For every line in the entries that contains "Longrightarrow", show the whole line.

Stored data entries:
* * * * * * *
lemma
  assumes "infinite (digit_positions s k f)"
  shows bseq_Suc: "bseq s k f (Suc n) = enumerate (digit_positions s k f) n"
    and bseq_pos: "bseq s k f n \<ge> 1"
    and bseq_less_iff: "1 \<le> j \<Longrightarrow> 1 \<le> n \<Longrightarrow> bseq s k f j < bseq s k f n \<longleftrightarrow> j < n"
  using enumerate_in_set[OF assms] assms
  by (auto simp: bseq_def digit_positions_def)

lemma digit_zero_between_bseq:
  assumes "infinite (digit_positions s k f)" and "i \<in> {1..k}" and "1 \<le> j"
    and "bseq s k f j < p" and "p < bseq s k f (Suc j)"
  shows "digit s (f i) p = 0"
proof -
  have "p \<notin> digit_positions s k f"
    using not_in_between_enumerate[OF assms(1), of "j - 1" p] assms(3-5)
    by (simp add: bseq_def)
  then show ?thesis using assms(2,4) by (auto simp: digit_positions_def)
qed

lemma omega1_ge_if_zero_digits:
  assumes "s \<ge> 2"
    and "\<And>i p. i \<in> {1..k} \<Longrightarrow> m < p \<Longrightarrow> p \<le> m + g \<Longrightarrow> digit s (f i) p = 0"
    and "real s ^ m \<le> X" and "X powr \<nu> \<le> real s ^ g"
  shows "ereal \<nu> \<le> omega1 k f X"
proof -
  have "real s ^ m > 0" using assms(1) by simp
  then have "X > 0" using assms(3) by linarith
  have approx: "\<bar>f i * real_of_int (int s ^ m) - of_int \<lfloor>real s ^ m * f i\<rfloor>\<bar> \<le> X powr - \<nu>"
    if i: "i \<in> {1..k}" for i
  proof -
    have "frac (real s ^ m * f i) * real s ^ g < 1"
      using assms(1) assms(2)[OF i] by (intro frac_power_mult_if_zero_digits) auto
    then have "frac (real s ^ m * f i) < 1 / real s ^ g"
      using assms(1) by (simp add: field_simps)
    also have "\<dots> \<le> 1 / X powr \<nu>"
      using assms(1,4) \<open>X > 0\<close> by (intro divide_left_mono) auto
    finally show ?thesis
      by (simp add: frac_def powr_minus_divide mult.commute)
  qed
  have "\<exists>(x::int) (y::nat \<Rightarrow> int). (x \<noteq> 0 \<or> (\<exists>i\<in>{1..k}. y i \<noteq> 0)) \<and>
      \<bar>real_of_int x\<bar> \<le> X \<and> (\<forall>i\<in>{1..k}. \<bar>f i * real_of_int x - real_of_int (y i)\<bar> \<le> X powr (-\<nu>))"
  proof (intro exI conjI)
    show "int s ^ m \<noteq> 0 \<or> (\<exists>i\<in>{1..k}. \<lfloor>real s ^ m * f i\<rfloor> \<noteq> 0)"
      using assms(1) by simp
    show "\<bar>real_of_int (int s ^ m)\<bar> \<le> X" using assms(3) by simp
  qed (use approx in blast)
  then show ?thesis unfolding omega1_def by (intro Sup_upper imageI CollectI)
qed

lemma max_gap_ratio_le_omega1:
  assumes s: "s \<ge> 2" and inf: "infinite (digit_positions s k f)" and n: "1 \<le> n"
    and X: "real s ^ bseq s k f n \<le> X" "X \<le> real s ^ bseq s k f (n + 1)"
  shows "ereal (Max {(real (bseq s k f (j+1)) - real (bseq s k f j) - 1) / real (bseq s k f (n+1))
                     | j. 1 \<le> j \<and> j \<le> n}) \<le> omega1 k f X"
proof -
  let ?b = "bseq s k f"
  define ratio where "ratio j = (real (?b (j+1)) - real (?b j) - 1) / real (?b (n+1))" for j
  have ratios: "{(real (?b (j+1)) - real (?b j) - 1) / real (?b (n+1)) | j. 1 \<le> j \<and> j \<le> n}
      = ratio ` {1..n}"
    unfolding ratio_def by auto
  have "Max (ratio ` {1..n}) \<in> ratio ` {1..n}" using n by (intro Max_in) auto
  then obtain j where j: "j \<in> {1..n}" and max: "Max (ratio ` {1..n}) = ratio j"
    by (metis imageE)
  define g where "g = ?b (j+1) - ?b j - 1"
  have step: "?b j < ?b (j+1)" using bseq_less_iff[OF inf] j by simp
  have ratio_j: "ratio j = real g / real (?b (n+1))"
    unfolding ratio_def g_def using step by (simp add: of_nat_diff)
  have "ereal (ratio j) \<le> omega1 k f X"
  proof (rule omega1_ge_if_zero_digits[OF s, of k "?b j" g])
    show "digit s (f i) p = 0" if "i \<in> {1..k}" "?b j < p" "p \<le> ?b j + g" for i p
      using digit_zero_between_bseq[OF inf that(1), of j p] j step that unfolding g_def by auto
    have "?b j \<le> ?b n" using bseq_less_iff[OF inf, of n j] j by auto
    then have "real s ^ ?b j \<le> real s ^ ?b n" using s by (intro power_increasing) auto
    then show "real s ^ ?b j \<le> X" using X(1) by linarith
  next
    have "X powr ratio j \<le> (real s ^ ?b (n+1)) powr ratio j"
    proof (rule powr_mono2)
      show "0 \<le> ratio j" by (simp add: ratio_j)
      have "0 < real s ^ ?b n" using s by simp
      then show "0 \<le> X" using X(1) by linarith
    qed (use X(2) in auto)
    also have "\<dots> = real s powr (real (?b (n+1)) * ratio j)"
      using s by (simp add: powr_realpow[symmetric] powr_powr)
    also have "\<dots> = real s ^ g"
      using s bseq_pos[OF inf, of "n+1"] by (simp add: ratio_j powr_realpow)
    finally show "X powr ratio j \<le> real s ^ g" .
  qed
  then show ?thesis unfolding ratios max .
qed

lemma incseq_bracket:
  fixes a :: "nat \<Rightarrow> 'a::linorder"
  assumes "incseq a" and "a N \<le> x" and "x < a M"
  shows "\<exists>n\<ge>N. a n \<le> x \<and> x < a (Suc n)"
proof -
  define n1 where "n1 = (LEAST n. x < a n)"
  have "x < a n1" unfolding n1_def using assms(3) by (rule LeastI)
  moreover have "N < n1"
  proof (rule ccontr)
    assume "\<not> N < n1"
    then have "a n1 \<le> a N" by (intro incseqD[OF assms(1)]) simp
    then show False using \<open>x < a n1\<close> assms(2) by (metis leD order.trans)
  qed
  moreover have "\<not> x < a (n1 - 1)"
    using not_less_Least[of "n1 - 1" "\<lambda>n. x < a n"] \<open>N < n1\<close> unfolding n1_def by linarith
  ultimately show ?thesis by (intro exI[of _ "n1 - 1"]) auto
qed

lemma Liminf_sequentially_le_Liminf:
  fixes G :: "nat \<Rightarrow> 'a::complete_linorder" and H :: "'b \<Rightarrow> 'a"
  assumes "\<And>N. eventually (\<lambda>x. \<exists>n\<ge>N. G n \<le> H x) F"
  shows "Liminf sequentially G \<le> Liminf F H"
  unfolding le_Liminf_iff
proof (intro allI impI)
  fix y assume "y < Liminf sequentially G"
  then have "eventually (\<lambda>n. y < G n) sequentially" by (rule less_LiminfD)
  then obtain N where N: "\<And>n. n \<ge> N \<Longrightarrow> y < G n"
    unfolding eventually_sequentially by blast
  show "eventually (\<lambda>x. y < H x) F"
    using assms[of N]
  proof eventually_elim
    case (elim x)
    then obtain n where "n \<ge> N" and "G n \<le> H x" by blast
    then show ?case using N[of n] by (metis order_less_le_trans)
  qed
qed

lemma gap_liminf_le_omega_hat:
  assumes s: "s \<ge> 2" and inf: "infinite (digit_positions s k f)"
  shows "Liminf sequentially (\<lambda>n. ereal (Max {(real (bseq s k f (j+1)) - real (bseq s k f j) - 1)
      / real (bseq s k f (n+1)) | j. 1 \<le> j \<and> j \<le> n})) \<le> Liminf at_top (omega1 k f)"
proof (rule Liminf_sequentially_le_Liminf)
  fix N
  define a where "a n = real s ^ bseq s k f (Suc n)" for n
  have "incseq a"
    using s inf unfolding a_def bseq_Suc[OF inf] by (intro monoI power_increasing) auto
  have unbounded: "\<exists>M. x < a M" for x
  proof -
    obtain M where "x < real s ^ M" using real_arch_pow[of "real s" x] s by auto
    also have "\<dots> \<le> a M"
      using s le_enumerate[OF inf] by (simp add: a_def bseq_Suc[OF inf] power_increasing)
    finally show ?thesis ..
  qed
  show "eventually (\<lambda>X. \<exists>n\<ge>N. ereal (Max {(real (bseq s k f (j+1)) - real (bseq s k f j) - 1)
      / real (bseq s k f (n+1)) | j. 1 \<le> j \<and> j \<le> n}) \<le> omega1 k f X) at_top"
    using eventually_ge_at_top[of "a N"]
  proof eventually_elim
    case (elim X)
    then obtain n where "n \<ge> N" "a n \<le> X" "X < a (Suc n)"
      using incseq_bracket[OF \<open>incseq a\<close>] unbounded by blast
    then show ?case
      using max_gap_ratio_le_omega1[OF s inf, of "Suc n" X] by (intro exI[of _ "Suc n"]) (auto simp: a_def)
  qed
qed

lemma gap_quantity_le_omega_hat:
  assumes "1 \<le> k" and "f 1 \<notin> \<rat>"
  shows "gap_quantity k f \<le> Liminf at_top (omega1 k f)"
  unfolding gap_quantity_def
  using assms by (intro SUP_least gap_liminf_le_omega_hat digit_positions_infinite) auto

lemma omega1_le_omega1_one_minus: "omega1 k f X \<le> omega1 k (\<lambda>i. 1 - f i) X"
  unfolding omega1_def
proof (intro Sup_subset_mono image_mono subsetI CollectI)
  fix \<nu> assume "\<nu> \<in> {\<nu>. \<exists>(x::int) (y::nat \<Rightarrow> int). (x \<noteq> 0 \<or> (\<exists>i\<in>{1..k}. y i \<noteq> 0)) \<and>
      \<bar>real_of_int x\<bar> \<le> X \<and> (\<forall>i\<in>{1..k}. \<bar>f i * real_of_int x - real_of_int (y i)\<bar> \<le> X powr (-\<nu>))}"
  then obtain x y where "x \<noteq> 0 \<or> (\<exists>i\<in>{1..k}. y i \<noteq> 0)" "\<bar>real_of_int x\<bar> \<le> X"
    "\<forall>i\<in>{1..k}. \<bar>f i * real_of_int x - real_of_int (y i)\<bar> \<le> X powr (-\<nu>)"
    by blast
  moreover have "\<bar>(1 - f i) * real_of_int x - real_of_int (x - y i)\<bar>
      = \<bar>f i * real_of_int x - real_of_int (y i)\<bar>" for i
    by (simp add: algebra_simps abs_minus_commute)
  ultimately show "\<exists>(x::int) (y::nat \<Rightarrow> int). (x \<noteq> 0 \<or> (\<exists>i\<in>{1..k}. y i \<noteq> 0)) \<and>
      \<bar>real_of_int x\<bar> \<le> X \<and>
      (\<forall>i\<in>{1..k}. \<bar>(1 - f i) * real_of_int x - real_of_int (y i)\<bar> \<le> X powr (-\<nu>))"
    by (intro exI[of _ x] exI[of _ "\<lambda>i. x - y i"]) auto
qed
* * * * * * *
Response for this exercise:
    and bseq_less_iff: "1 \<le> j \<Longrightarrow> 1 \<le> n \<Longrightarrow> bseq s k f j < bseq s k f n \<longleftrightarrow> j < n"
    and "\<And>i p. i \<in> {1..k} \<Longrightarrow> m < p \<Longrightarrow> p \<le> m + g \<Longrightarrow> digit s (f i) p = 0"
  then obtain N where N: "\<And>n. n \<ge> N \<Longrightarrow> y < G n"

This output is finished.